Satan chuckles, “We’re all dead. We’re born dead. Time is an illusion.”
“Have I, crossed over, then?”
“The event-horizon?” Satan asks. “Why, yes, I’m afraid so. To anyone outside, you appear to be redshifting right now.”
“No, not into the black hole. Into,” you swallow, “you know, Hell?”
“Oh my, no.” Satan’s reply is blithe. “Not yet, at any rate.”
“Why are you here?” you ask.
“Well,” Satan shrugs, “I suppose that you’d call me a manifestation of your subconscious mind as it attempts to deal with the incalculable weight of eternity. But in reality--if there is a reality--I am the physical manifestation of the philosophical concept of eternity. You see, once across the horizon, you become everlasting. Time ceases to have mathematical value. All points, future and past, overlap here. Everything to ever enter a black hole has already entered, from the internal perspective, and since all black holes will eventually swallow everything, including each other, the omniverse is already here--all of it.” He pauses for a heartbeat. “World without end.”
Satan scrapes a nail across one of his teeth and then examines it, running his tongue around his mouth.
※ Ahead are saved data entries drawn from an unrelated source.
(* Let $I\subset\mathbb R$ be an interval and $\alpha\in C^\infty(I,C^\infty(\mathbb S))$ a solution of $\frac{\partial\alpha_\tau}{\partial\tau}=-\alpha_\tau(\Lambda\alpha_\tau)+(\mathcal H\alpha_\tau)(D\alpha_\tau)$ on $I$ such that $\alpha_\tau$ is a positive function for every $\tau\in I$. Then $\int_0^{2\pi}\alpha_\tau^{-1}\,d\theta$ is independent of $\tau\in I$.
   Context: $D=-i\,d/d\theta$, $\Lambda e^{in\theta}=|n|e^{in\theta}$, Hilbert transform $\mathcal H\mathbf 1=0$, $\mathcal He^{in\theta}=\mathrm{sgn}(n)e^{in\theta}$ ($n\ne0$); products are pointwise products of functions on $\mathbb S$. *)

theory Defs
  imports "HOL-Analysis.Analysis"
begin

text \<open>Functions on the circle S are 2pi-periodic functions on the real line.
  Fourier coefficients of f: c_n = (1/2pi) * integral over [0,2pi] of f(theta) e^{-i n theta}.\<close>
definition fourier_coeff :: "(real \<Rightarrow> complex) \<Rightarrow> int \<Rightarrow> complex" where
  "fourier_coeff f n = integral {0..2*pi} (\<lambda>\<theta>. f \<theta> * cis (- (of_int n * \<theta>))) / complex_of_real (2*pi)"

definition hilbert :: "(real \<Rightarrow> complex) \<Rightarrow> real \<Rightarrow> complex" where
  "hilbert f \<theta> = (\<Sum>\<^sub>\<infinity>n::int. of_int (sgn n) * fourier_coeff f n * cis (of_int n * \<theta>))"

definition Lam :: "(real \<Rightarrow> complex) \<Rightarrow> real \<Rightarrow> complex" where
  "Lam f \<theta> = (\<Sum>\<^sub>\<infinity>n::int. of_int \<bar>n\<bar> * fourier_coeff f n * cis (of_int n * \<theta>))"

definition Dop :: "(real \<Rightarrow> complex) \<Rightarrow> real \<Rightarrow> complex" where
  "Dop f \<theta> = - \<i> * vector_derivative f (at \<theta>)"

text \<open>Joint C-infinity smoothness of a function of two real variables on a set S of R^2:
  there is a family G j k (playing the role of the partial derivative d^j/dx^j d^k/dy^k f)
  with G 0 0 = f on S and each G j k Frechet differentiable within S with derivative given
  by the next partial derivatives.\<close>
definition smooth2_on :: "(real \<times> real) set \<Rightarrow> (real \<times> real \<Rightarrow> real) \<Rightarrow> bool" where
  "smooth2_on S f \<longleftrightarrow> (\<exists>G :: nat \<Rightarrow> nat \<Rightarrow> real \<times> real \<Rightarrow> real.
     (\<forall>x\<in>S. G 0 0 x = f x) \<and>
     (\<forall>j k. \<forall>x\<in>S. (G j k has_derivative (\<lambda>h. fst h * G (Suc j) k x + snd h * G j (Suc k) x))
                     (at x within S)))"

end

theory Submission
  imports Defs
begin

text \<open>Differentiating under the integral sign,
  \<open>d/d\<tau> \<integral> \<alpha>\<^sup>-\<^sup>1 = - \<integral> \<partial>\<^sub>\<tau>\<alpha> / \<alpha>\<^sup>2 = \<integral> (\<Lambda>\<alpha>) \<alpha>\<^sup>-\<^sup>1 + (\<H>\<alpha>) D(\<alpha>\<^sup>-\<^sup>1)\<close>.
  Expanding \<open>\<alpha> = \<Sum> a\<^sub>n e\<^sup>i\<^sup>n\<^sup>\<theta>\<close> and using \<open>|n| = sgn n \<cdot> n\<close>, the \<open>n\<close>-th term of the last integrand is
  \<open>sgn n \<cdot> a\<^sub>n \<cdot> D(e\<^sup>i\<^sup>n\<^sup>\<theta> \<alpha>\<^sup>-\<^sup>1)\<close>, whose integral over a period vanishes. Smoothness makes
  \<open>|a\<^sub>n|\<close> decay like \<open>|n|\<^sup>-\<^sup>3\<close>, so the symmetric partial sums are dominated and the sum may be
  taken out of the integral.\<close>

lemma has_vector_derivative_cis_linear:
  "((\<lambda>x. cis (c * x)) has_vector_derivative \<i> * complex_of_real c * cis (c * x)) (at x within S)"
proof -
  have "((\<lambda>x. cis (c * x)) has_derivative (\<lambda>t. (c * t) *\<^sub>R (\<i> * cis (c * x)))) (at x within S)"
    by (rule has_derivative_cis) (auto intro!: derivative_eq_intros)
  thus ?thesis unfolding has_vector_derivative_def
    by (rule has_derivative_eq_rhs) (auto simp: fun_eq_iff scaleR_conv_of_real algebra_simps)
qed

lemma fourier_coeff_deriv:
  fixes f f' :: "real \<Rightarrow> real"
  assumes f': "\<And>x. (f has_real_derivative f' x) (at x)" and cont: "continuous_on UNIV f'"
    and per: "f (2*pi) = f 0"
  shows "fourier_coeff (\<lambda>x. complex_of_real (f' x)) n
           = \<i> * of_int n * fourier_coeff (\<lambda>x. complex_of_real (f x)) n"
proof -
  define e where "e x = cis (- of_int n * x)" for x
  define F where "F x = complex_of_real (f x) * e x" for x
  define F' where "F' x = - \<i> * of_int n * F x + complex_of_real (f' x) * e x" for x
  have e_deriv: "(e has_vector_derivative - \<i> * of_int n * e x) (at x within S)" for x S
    using has_vector_derivative_cis_linear[of "- of_int n"] unfolding e_def by simp
  have "(F has_vector_derivative F' x) (at x within {0..2*pi})" for x
    using has_vector_derivative_mult[OF has_vector_derivative_of_real[OF DERIV_subset[OF f']] e_deriv]
    unfolding F_def F'_def by (simp add: algebra_simps)
  hence "(F' has_integral F (2*pi) - F 0) {0..2*pi}"
    by (intro fundamental_theorem_of_calculus) auto
  moreover have "F (2*pi) = F 0"
    using cis_multiple_2pi[of "- of_int n"] per by (simp add: F_def e_def mult.commute mult.left_commute)
  ultimately have F'_0: "(F' has_integral 0) {0..2*pi}"
    by simp
  have "continuous_on UNIV f"
    using f' by (meson DERIV_isCont continuous_at_imp_continuous_on)
  hence "continuous_on UNIV F" "continuous_on UNIV (\<lambda>x. complex_of_real (f' x) * e x)"
    using cont unfolding F_def e_def by (auto intro!: continuous_intros)
  hence "F integrable_on {0..2*pi}" "(\<lambda>x. complex_of_real (f' x) * e x) integrable_on {0..2*pi}"
    by (auto intro: integrable_continuous_real continuous_on_subset)
  hence "(F' has_integral - \<i> * of_int n * integral {0..2*pi} F
                          + integral {0..2*pi} (\<lambda>x. complex_of_real (f' x) * e x)) {0..2*pi}"
    unfolding F'_def by (intro has_integral_add has_integral_mult_right integrable_integral)
  hence "integral {0..2*pi} (\<lambda>x. complex_of_real (f' x) * e x)
           = \<i> * of_int n * integral {0..2*pi} F"
    using has_integral_unique[OF F'_0] by fastforce
  thus ?thesis
    by (simp add: fourier_coeff_def F_def[abs_def] e_def)
qed

lemma norm_fourier_coeff_le:
  assumes "continuous_on {0..2*pi} g" and "\<And>x. x \<in> {0..2*pi} \<Longrightarrow> \<bar>g x\<bar> \<le> B"
  shows "norm (fourier_coeff (\<lambda>x. complex_of_real (g x)) n) \<le> B"
proof -
  have "norm (integral {0..2*pi} (\<lambda>x. complex_of_real (g x) * cis (- (of_int n * x)))) \<le> B * (2*pi - 0)"
    by (rule integral_bound) (use assms in \<open>auto intro!: continuous_intros simp: norm_mult\<close>)
  thus ?thesis
    by (simp add: fourier_coeff_def norm_divide divide_le_eq mult.commute)
qed

lemma periodic_higher_derivs:
  fixes d :: "nat \<Rightarrow> real \<Rightarrow> real"
  assumes der: "\<And>k x. (d k has_real_derivative d (Suc k) x) (at x)"
    and per: "\<And>x. d 0 (x + p) = d 0 x"
  shows "d k (x + p) = d k x"
proof (induction k arbitrary: x)
  case 0
  show ?case by (rule per)
next
  case (Suc k)
  have "((\<lambda>x. d k (x + p)) has_real_derivative d (Suc k) (x + p)) (at x)"
    using der[of k "x + p"] DERIV_shift by blast
  moreover have "((\<lambda>x. d k (x + p)) has_real_derivative d (Suc k) x) (at x)"
    using der[of k x] Suc.IH by simp
  ultimately show ?case
    by (rule DERIV_unique)
qed

lemma fourier_coeff_higher_deriv:
  fixes d :: "nat \<Rightarrow> real \<Rightarrow> real"
  assumes der: "\<And>k x. (d k has_real_derivative d (Suc k) x) (at x)"
    and per: "\<And>k. d k (2*pi) = d k 0"
  shows "fourier_coeff (\<lambda>x. complex_of_real (d k x)) n
           = (\<i> * of_int n) ^ k * fourier_coeff (\<lambda>x. complex_of_real (d 0 x)) n"
proof (induction k)
  case (Suc k)
  have "continuous_on UNIV (d (Suc k))"
    using der by (meson DERIV_isCont continuous_at_imp_continuous_on)
  with Suc show ?case
    by (simp add: fourier_coeff_deriv[OF der _ per])
qed simp

definition decay_weight :: "int \<Rightarrow> real" where
  "decay_weight n = 1 / (max 1 \<bar>real_of_int n\<bar>)^2"

lemma decay_weight_pos: "0 < decay_weight n"
  by (simp add: decay_weight_def)

lemma summable_on_decay_weight: "decay_weight summable_on UNIV"
proof -
  have "summable (\<lambda>k::nat. inverse (real k ^ 2))"
    by (rule inverse_power_summable) simp
  moreover have "eventually (\<lambda>k. inverse (real k ^ 2) = decay_weight (int k)) sequentially"
    using eventually_gt_at_top[of 0] by eventually_elim (simp add: decay_weight_def divide_inverse)
  ultimately have "summable (\<lambda>k. decay_weight (int k))"
    using summable_cong by fastforce
  hence nat: "(\<lambda>k. decay_weight (int k)) summable_on UNIV"
    by (simp add: summable_on_UNIV_nonneg_real_iff less_imp_le decay_weight_pos)
  have "decay_weight summable_on range int"
    using nat by (subst summable_on_reindex) (auto simp: o_def)
  moreover have "decay_weight summable_on range (\<lambda>k. - int k)"
    using nat by (subst summable_on_reindex) (auto simp: o_def inj_on_def decay_weight_def)
  ultimately have "decay_weight summable_on (range int \<union> range (\<lambda>k. - int k))"
    by (rule summable_on_union)
  moreover have "n \<in> range int \<union> range (\<lambda>k. - int k)" for n
  proof (cases "0 \<le> n")
    case True
    hence "n = int (nat n)" by simp
    thus ?thesis by blast
  next
    case False
    hence "n = - int (nat (- n))" by simp
    thus ?thesis by blast
  qed
  ultimately show ?thesis
    by (metis UNIV_eq_I)
qed

lemma fourier_coeff_decay:
  fixes d :: "nat \<Rightarrow> real \<Rightarrow> real"
  assumes der: "\<And>k x. (d k has_real_derivative d (Suc k) x) (at x)"
    and per: "\<And>k. d k (2*pi) = d k 0"
  obtains K where "\<And>n. norm (fourier_coeff (\<lambda>x. complex_of_real (d 0 x)) n) * (\<bar>real_of_int n\<bar> + 1)
                         \<le> K * decay_weight n"
proof -
  define c where "c n = fourier_coeff (\<lambda>x. complex_of_real (d 0 x)) n" for n
  have cont: "continuous_on {0..2*pi} (d k)" for k
    using der by (meson DERIV_isCont continuous_at_imp_continuous_on)
  have "\<exists>B. \<forall>x\<in>{0..2*pi}. \<bar>d k x\<bar> \<le> B" for k
    using compact_imp_bounded[OF compact_continuous_image[OF cont compact_Icc]] by (simp add: bounded_iff)
  then obtain B0 B3 where B: "\<And>x. x \<in> {0..2*pi} \<Longrightarrow> \<bar>d 0 x\<bar> \<le> B0"
    "\<And>x. x \<in> {0..2*pi} \<Longrightarrow> \<bar>d 3 x\<bar> \<le> B3"
    by meson
  have c_le: "norm (c n) \<le> B0" for n
    unfolding c_def by (rule norm_fourier_coeff_le[OF cont B(1)])
  have c_cube_le: "norm (c n) * \<bar>real_of_int n\<bar> ^ 3 \<le> B3" for n
    using norm_fourier_coeff_le[OF cont B(2), of n] fourier_coeff_higher_deriv[of d, OF der per, of 3 n]
    by (simp add: c_def norm_mult norm_power mult.commute)
  have "norm (c n) * (\<bar>real_of_int n\<bar> + 1) \<le> (B0 + 2 * B3) * decay_weight n" for n
  proof (cases "n = 0")
    case True
    thus ?thesis
      using c_le[of n] order_trans[OF norm_ge_zero, of "c 1" B3] c_cube_le[of 1]
      by (simp add: decay_weight_def)
  next
    case False
    define m where "m = \<bar>real_of_int n\<bar>"
    have m: "1 \<le> m" "decay_weight n = 1 / m^2"
      using False by (auto simp: m_def decay_weight_def)
    have "norm (c n) * (m + 1) \<le> 2 * (norm (c n) * m ^ 3) / m^2"
      using m(1) mult_right_mono[OF m(1) norm_ge_zero[of "c n"]]
      by (simp add: power2_eq_square power3_eq_cube field_simps)
    also have "\<dots> \<le> 2 * B3 / m^2"
      using c_cube_le[of n] m(1) by (simp add: m_def divide_right_mono)
    also have "\<dots> \<le> (B0 + 2 * B3) * decay_weight n"
      using order_trans[OF norm_ge_zero c_le] m(2) by (simp add: divide_right_mono)
    finally show ?thesis
      by (simp add: m_def)
  qed
  thus thesis
    using that unfolding c_def by blast
qed

lemma summable_on_if_le_decay_weight:
  fixes u :: "int \<Rightarrow> 'a::banach"
  assumes "\<And>n. norm (u n) \<le> K * decay_weight n"
  shows "u summable_on UNIV"
proof -
  have "(\<lambda>n. K * decay_weight n) summable_on UNIV"
    by (intro summable_on_cmult_right summable_on_decay_weight)
  hence "(\<lambda>n. norm (u n)) summable_on UNIV"
    by (rule summable_on_comparison_test) (simp_all add: assms)
  thus ?thesis
    by (rule abs_summable_summable)
qed

lemma norm_sum_le_decay_weight:
  fixes u :: "int \<Rightarrow> 'a::real_normed_vector"
  assumes "\<And>n. norm (u n) \<le> K * decay_weight n" and "finite F"
  shows "norm (sum u F) \<le> K * infsum decay_weight UNIV"
proof -
  have "0 \<le> K"
    using order_trans[OF norm_ge_zero assms(1)[of 0]] decay_weight_pos[of 0]
    by (simp add: zero_le_mult_iff)
  have "norm (sum u F) \<le> (\<Sum>n\<in>F. K * decay_weight n)"
    by (intro order_trans[OF norm_sum] sum_mono assms(1))
  also have "\<dots> = K * sum decay_weight F"
    by (simp add: sum_distrib_left)
  also have "\<dots> \<le> K * infsum decay_weight UNIV"
    by (intro mult_left_mono finite_sum_le_infsum summable_on_decay_weight)
       (simp_all add: \<open>0 \<le> K\<close> \<open>finite F\<close> less_imp_le decay_weight_pos)
  finally show ?thesis .
qed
He clears his throat and continues: “From the external perspective, I suppose, motion still occurs and the gathering of space-time, and of souls, as you humans so quaintly call them, is an ongoing process. That’s what your Bible always gets so wrong, that Hell is a work in progress, that eternity is ongoing--I daresay that is sheer human idiocy. Eternity is and has always been, from the very moment of its conception, complete.” Satan raises a blue-black eyebrow. “Am I boring you?”
“A little,” you admit. “Maybe confusing me, more like.”
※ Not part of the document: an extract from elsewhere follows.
(* Let $p$ be an odd prime, let $q\in\mathbb{C}_p$ with $|1-q|_p<1$, let $h\in\mathbb{Z}$, $r\in\mathbb{N}$, $n\ge 0$, and let $w_1,w_2\in\mathbb{N}$ with $w_1\equiv 1\pmod 2$ and $w_2\equiv 1\pmod 2$. Then, for $x\in\mathbb{Z}_p$, \[ \begin{split} &[w_1]_q^n\sum_{j_1,\dots,j_r=0}^{w_1-1}(-1)^{\sum_{l=1}^r j_l}\,q^{w_2\sum_{l=1}^r(h-l)j_l}\,E_{n,q^{w_1}}^{(h,r)}\!\left(w_2x+\tfrac{w_2}{w_1}(j_1+\cdots+j_r)\right)\\ &=[w_2]_q^n\sum_{j_1,\dots,j_r=0}^{w_2-1}(-1)^{\sum_{l=1}^r j_l}\,q^{w_1\sum_{l=1}^r(h-l)j_l}\,E_{n,q^{w_2}}^{(h,r)}\!\left(w_1x+\tfrac{w_1}{w_2}(j_1+\cdots+j_r)\right). \end{split} \]
   Context: $\mathbb{Z}_p$ denotes the $p$-adic integers and $\mathbb{C}_p$ the completion of the algebraic closure of $\mathbb{Q}_p$. For $q\in\mathbb{C}_p$ with $|1-q|_p<1$, the $q$-number is $[x]_q=\frac{1-q^x}{1-q}$; for $w\in\mathbb{N}$, $[z]_{q^w}=\frac{1-q^{wz}}{1-q^w}$ (in all occurrences the exponent $wz$ is a $p$-adic integer). For a continuous function $f$ on $\mathbb{Z}_p$, the $p$-adic fermionic integral is $\int_{\mathbb{Z}_p}f(y)\,d\mu_{-1}(y)=\lim_{N\to\infty}\sum_{y=0}^{p^N-1}f(y)(-1)^y$; the multivariate integral over $y_1,\dots,y_r$ is the iterated one. For $h\in\mathbb{Z}$, $r\in\mathbb{N}$, the expansions of $q$-Euler polynomials $E_{n,q}^{(h,r)}(x)$ are defined by \[ E_{n,q}^{(h,r)}(x)=\int_{\mathbb{Z}_p}\!\cdots\!\int_{\mathbb{Z}_p} q^{\sum_{l=1}^r(h-l)y_l}\,[x+y_1+\cdots+y_r]_q^n\,d\mu_{-1}(y_1)\cdots d\mu_{-1}(y_r), \] equivalently by the generating function $\sum_{n\ge0}E_{n,q}^{(h,r)}(x)\frac{t^n}{n!}=2^r\sum_{m_1,\dots,m_r=0}^{\infty}q^{\sum_{l=1}^r(h-l)m_l}(-1)^{\sum_{l=1}^r m_l}e^{[x+m_1+\cdots+m_r]_q t}$. With base $q^{w}$ in place of $q$, this means $E_{n,q^{w}}^{(h,r)}(z)=\int\cdots\int q^{w\sum_{l}(h-l)y_l}[z+y_1+\cdots+y_r]_{q^{w}}^n\,d\mu_{-1}(y_1)\cdots d\mu_{-1}(y_r)$. *)

theory Defs
  imports Complex_Main "HOL-Library.FuncSet" "HOL-Computational_Algebra.Primes"
begin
“Ah, right,” Satan shrugs, a little disappointed. “You are only a maintenance technician, after all, and you had to forge an intelligence examination score to even get on this mission.” He snorts, “Bad choice, that. Should have stayed in that apartment in Billings and gotten over your divorce instead of running from it. Then you wouldn’t be here, and you wouldn’t have made and covered-up the mistake that eventually crippled this ship and killed the rest of the crew.”
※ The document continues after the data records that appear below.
lemma profinite_tendsto_uniformly:
  fixes a :: "nat \<Rightarrow> 'a::metric_space"
  assumes s: "s \<in> Zhat" and "0 < e" and lim: "profinite_tendsto a s l"
  shows "\<exists>N. \<forall>n. N < n \<and> n mod fact N = s (fact N) \<longrightarrow> dist (a n) l < e"
proof (rule ccontr)
  assume "\<not> ?thesis"
  then have "\<forall>N. \<exists>n. N < n \<and> n mod fact N = s (fact N) \<and> \<not> dist (a n) l < e"
    by blast
  then obtain ns where ns: "\<And>N. N < ns N" "\<And>N. ns N mod fact N = s (fact N)"
    "\<And>N. \<not> dist (a (ns N)) l < e"
    by metis
  have mod_eq: "ns i mod q = s q" if "0 < q" "q \<le> i" for q i
  proof -
    have q_dvd: "q dvd fact i"
      using that by (intro dvd_fact) auto
    then have "ns i mod q = s (fact i) mod q"
      using ns(2) by (metis mod_mod_cancel)
    also have "\<dots> = s q"
      using Zhat_mod[OF s \<open>0 < q\<close> _ q_dvd] by simp
    finally show ?thesis .
  qed
  have ev: "\<forall>q>0. eventually (\<lambda>i. ns i mod q = s q) sequentially"
  proof (intro allI impI)
    fix q :: nat
    assume "0 < q"
    show "eventually (\<lambda>i. ns i mod q = s q) sequentially"
      by (rule eventually_sequentiallyI[of q]) (rule mod_eq[OF \<open>0 < q\<close>])
  qed
  have pos: "\<forall>i. 0 < ns i"
    using ns(1) by (metis gr0I not_less0)
  have "eventually (\<lambda>i. dist (a (ns i)) l < e) sequentially"
    using profinite_tendstoD[OF lim pos filterlim_at_top_greater_id[OF ns(1)] ev] \<open>0 < e\<close>
    by (rule tendstoD)
  then show False
    using ns(3) by (simp add: eventually_sequentially)
qed

lemma profinite_limit_dist_le:
  fixes a :: "nat \<Rightarrow> 'a::metric_space"
  assumes t: "t \<in> Zhat" and "0 < M" and lim: "profinite_tendsto a t l"
    and close: "\<And>n. N < n \<Longrightarrow> n mod M = t M \<Longrightarrow> dist (a n) c \<le> e"
  shows "dist l c \<le> e"
proof -
  obtain ns where ns: "\<forall>i. 0 < ns i" "filterlim ns at_top sequentially"
    "\<forall>q>0. eventually (\<lambda>i. ns i mod q = t q) sequentially"
    using Zhat_approximating_seq[OF t] .
  have "eventually (\<lambda>i. N < ns i) sequentially"
    using eventually_compose_filterlim[OF eventually_gt_at_top ns(2)] .
  moreover have "eventually (\<lambda>i. ns i mod M = t M) sequentially"
    using ns(3) \<open>0 < M\<close> by blast
  ultimately have "eventually (\<lambda>i. dist (a (ns i)) c \<le> e) sequentially"
    by eventually_elim (rule close)
  then show ?thesis
    by (rule tendsto_upperbound[OF tendsto_dist[OF profinite_tendstoD[OF lim ns] tendsto_const]]) simp
qed

lemma profinite_tendsto_locally_uniform:
  fixes a :: "nat \<Rightarrow> 'a::metric_space"
  assumes lim: "\<And>t. t \<in> Zhat \<Longrightarrow> profinite_tendsto a t (L t)" and s: "s \<in> Zhat" and "0 < e"
  shows "\<exists>N. (\<forall>n. N < n \<and> n mod fact N = s (fact N) \<longrightarrow> dist (a n) (L s) < e) \<and>
    (\<forall>t\<in>Zhat. t (fact N) = s (fact N) \<longrightarrow> dist (L t) (L s) < e)"
proof -
  obtain N where N: "\<forall>n. N < n \<and> n mod fact N = s (fact N) \<longrightarrow> dist (a n) (L s) < e / 2"
    using profinite_tendsto_uniformly[OF s half_gt_zero[OF \<open>0 < e\<close>] lim[OF s]] by blast
  have "dist (L t) (L s) < e" if t: "t \<in> Zhat" "t (fact N) = s (fact N)" for t
  proof -
    have "dist (a n) (L s) \<le> e / 2" if "N < n" "n mod fact N = t (fact N)" for n
      using N[rule_format, of n] that t(2) by simp
    then have "dist (L t) (L s) \<le> e / 2"
      by (rule profinite_limit_dist_le[OF t(1) fact_gt_zero lim[OF t(1)]])
    then show ?thesis
      using \<open>0 < e\<close> by simp
  qed
  moreover have "dist (a n) (L s) < e" if "N < n" "n mod fact N = s (fact N)" for n
    using N[rule_format, of n] that \<open>0 < e\<close> by simp
  ultimately show ?thesis
    by blast
qed

definition Nhat_extension :: "(nat \<Rightarrow> 'a) \<Rightarrow> ((nat \<Rightarrow> nat) \<Rightarrow> 'a) \<Rightarrow> (nat \<times> nat \<Rightarrow> nat + nat) \<Rightarrow> 'a"
  where "Nhat_extension a L u = (if u \<in> nhat_of ` {0<..} then a (inv_into {0<..} nhat_of u)
      else L (inv_into Zhat nhat_of_zhat u))"

lemma Nhat_extension_nhat_of: "0 < k \<Longrightarrow> Nhat_extension a L (nhat_of k) = a k"
  by (simp add: Nhat_extension_def inv_into_f_f[OF inj_on_nhat_of])

lemma Nhat_extension_nhat_of_zhat:
  assumes "s \<in> Zhat"
  shows "Nhat_extension a L (nhat_of_zhat s) = L s"
proof -
  have "nhat_of_zhat s \<notin> nhat_of ` {0<..}"
    using nhat_of_zhat_neq_nhat_of by blast
  then show ?thesis
    by (simp add: Nhat_extension_def inv_into_f_f[OF inj_on_nhat_of_zhat assms])
qed

lemma Nhat_extension_near_profinite:
  fixes a :: "nat \<Rightarrow> 'a::metric_space"
  assumes lim: "\<And>t. t \<in> Zhat \<Longrightarrow> profinite_tendsto a t (L t)" and s: "s \<in> Zhat" and "0 < e"
  shows "\<exists>U. openin Nhat_top U \<and> nhat_of_zhat s \<in> U \<and>
    (\<forall>v\<in>U. dist (L s) (Nhat_extension a L v) < e)"
proof -
  obtain N where
    N_nat: "\<And>n. N < n \<Longrightarrow> n mod fact N = s (fact N) \<Longrightarrow> dist (a n) (L s) < e" and
    N_profinite: "\<And>t. t \<in> Zhat \<Longrightarrow> t (fact N) = s (fact N) \<Longrightarrow> dist (L t) (L s) < e"
    using profinite_tendsto_locally_uniform[OF lim s \<open>0 < e\<close>] by blast
  let ?U = "{v \<in> Nhat. v (Suc N, fact N) = Inr (s (fact N))}"
  have "dist (L s) (Nhat_extension a L v) < e"
    if "v \<in> Nhat" "v (Suc N, fact N) = Inr (s (fact N))" for v
    using that fact_gt_zero
  proof (cases rule: Nhat_neighbourhood_cases)
    case (nat n)
    then show ?thesis
      using N_nat Nhat_extension_nhat_of[of n a L] by (simp add: dist_commute)
  next
    case (profinite t)
    then show ?thesis
      using N_profinite[OF \<open>t \<in> Zhat\<close> \<open>t (fact N) = s (fact N)\<close>] Nhat_extension_nhat_of_zhat[of t a L]
      by (simp add: dist_commute)
  qed
  moreover have "openin Nhat_top ?U"
    by (rule openin_Nhat_coordinate) (simp add: Nhat_index_def)
  moreover have "nhat_of_zhat s \<in> ?U"
    using nhat_of_zhat_in_Nhat[OF s] by (simp add: nhat_of_zhat_def Nhat_index_def)
  ultimately show ?thesis
    by blast
qed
“How do you know about. . .?” you trail off.
“My dear fellow,” the devil tests the point of a horn on his finger, “I am Satan, after all.”
“So what is the--”
“The point? The reason I’m here? The why? Ouch!” He draws his finger back from his horn and sucks it briefly. “Why, I’ve already told you: I’m here to offer you a gift.”
“What kind of gift?’ you ask, suspicious.
“Your life, and, oh,” Satan sighs, bored, “anything you want, really.”
“What’s the catch?”
“You expect me to say, ‘no catch,’ but,” he draws out the syllables on the last word, “it is in fact the usual catch: your soul. Eternal torment. Damnation.” He yawns. “Demons, pitchforks, boiling pitch, utter hopelessness, perdition, inferno, you know the drill.” Satan flicks out a forked tongue, licks his index finger and thumb, and then uses them to smooth the mustaches in his goatee.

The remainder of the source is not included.